lemma mesh_domains_approach_frontier:
  fixes \<Omega> :: "(real^'n) set" and D :: "nat \<Rightarrow> (real^'n) set"
  assumes "open \<Omega>" "x0 \<in> frontier \<Omega>"
    and cover: "\<forall>i>0. \<forall>\<^sub>F m in sequentially. inner_layer \<Omega> i \<subseteq> D m"
  shows "\<forall>r>0. \<exists>z. dist z x0 < r \<and> (\<forall>\<^sub>F m in sequentially. z \<in> D m)"
proof (intro allI impI)
  fix r :: real assume "0 < r"
  then obtain i z where iz: "0 < i" "z \<in> inner_layer \<Omega> i" "dist z x0 < r"
    by (rule inner_layer_point_near_frontier[OF assms(1,2)])
  then have "\<forall>\<^sub>F m in sequentially. z \<in> D m"
    using cover by (blast intro: eventually_mono)
  then show "\<exists>z. dist z x0 < r \<and> (\<forall>\<^sub>F m in sequentially. z \<in> D m)"
    using iz(3) by blast
qed

lemma dist_closest_point_le:
  fixes D :: "'a::{real_inner,heine_borel} set"
  assumes "closed D" "z \<in> D"
  shows "dist (closest_point D y) x0 \<le> 2 * dist y x0 + dist z x0"
proof -
  have "dist (closest_point D y) x0 \<le> dist y (closest_point D y) + dist y x0"
    by (rule dist_triangle3)
  also have "\<dots> \<le> dist y z + dist y x0"
    using closest_point_le[OF assms] by simp
  also have "\<dots> \<le> 2 * dist y x0 + dist z x0"
    using dist_triangle2[of y z x0] by simp
  finally show ?thesis .
qed

lemma tendsto_closest_point_comp:
  fixes D :: "nat \<Rightarrow> 'a::{real_inner,heine_borel} set" and \<phi> :: "nat \<Rightarrow> 'a \<Rightarrow> real"
  assumes closed: "\<forall>m. closed (D m)"
    and estimate: "\<forall>\<epsilon>>0. \<exists>L\<ge>0. \<forall>m. \<forall>p\<in>D m. \<bar>\<phi> m p - l\<bar> \<le> \<epsilon> + L * dist p x0"
    and approach: "\<forall>r>0. \<exists>z. dist z x0 < r \<and> (\<forall>\<^sub>F m in sequentially. z \<in> D m)"
  shows "((\<lambda>(m, y). \<phi> m (closest_point (D m) y)) \<longlongrightarrow> l) (sequentially \<times>\<^sub>F nhds x0)"
  unfolding tendsto_iff
proof (intro allI impI)
  fix e :: real assume "0 < e"
  then obtain L where L: "0 \<le> L" "\<forall>m. \<forall>p\<in>D m. \<bar>\<phi> m p - l\<bar> \<le> e / 2 + L * dist p x0"
    using estimate by (meson half_gt_zero)
  define r where "r = e / (6 * (L + 1))"
  have r: "0 < r" "L * (3 * r) < e / 2"
    using \<open>0 < e\<close> L(1) by (auto simp: r_def field_simps)
  obtain z where z: "dist z x0 < r" "\<forall>\<^sub>F m in sequentially. z \<in> D m"
    using approach r(1) by blast
  have close: "\<bar>\<phi> m (closest_point (D m) y) - l\<bar> < e" if "z \<in> D m" "dist y x0 < r" for m y
  proof -
    have "dist (closest_point (D m) y) x0 < 3 * r"
      using dist_closest_point_le[OF spec[OF closed] that(1), of y x0] z(1) that(2) by linarith
    then have "L * dist (closest_point (D m) y) x0 \<le> L * (3 * r)"
      using L(1) by (intro mult_left_mono) auto
    moreover have "closest_point (D m) y \<in> D m"
      using closest_point_exists(1)[OF spec[OF closed]] that(1) by blast
    ultimately show ?thesis
      using L(2) r(2) by fastforce
  qed
  show "\<forall>\<^sub>F p in sequentially \<times>\<^sub>F nhds x0. dist ((\<lambda>(m, y). \<phi> m (closest_point (D m) y)) p) l < e"
    unfolding eventually_prod_filter
  proof (intro exI[of _ "\<lambda>m. z \<in> D m"] exI[of _ "\<lambda>y. dist y x0 < r"] conjI allI impI)
    show "\<forall>\<^sub>F y in nhds x0. dist y x0 < r"
      unfolding eventually_nhds_metric using r(1) by blast
  qed (use z(2) close in \<open>auto simp: dist_real_def\<close>)
qed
________________________
* **TASK TO COMPLETE**
Look through the listing and return each line containing the word "spec".

* **ANSWER AREA**
      using dist_closest_point_le[OF spec[OF closed] that(1), of y x0] z(1) that(2) by linarith
      using closest_point_exists(1)[OF spec[OF closed]] that(1) by blast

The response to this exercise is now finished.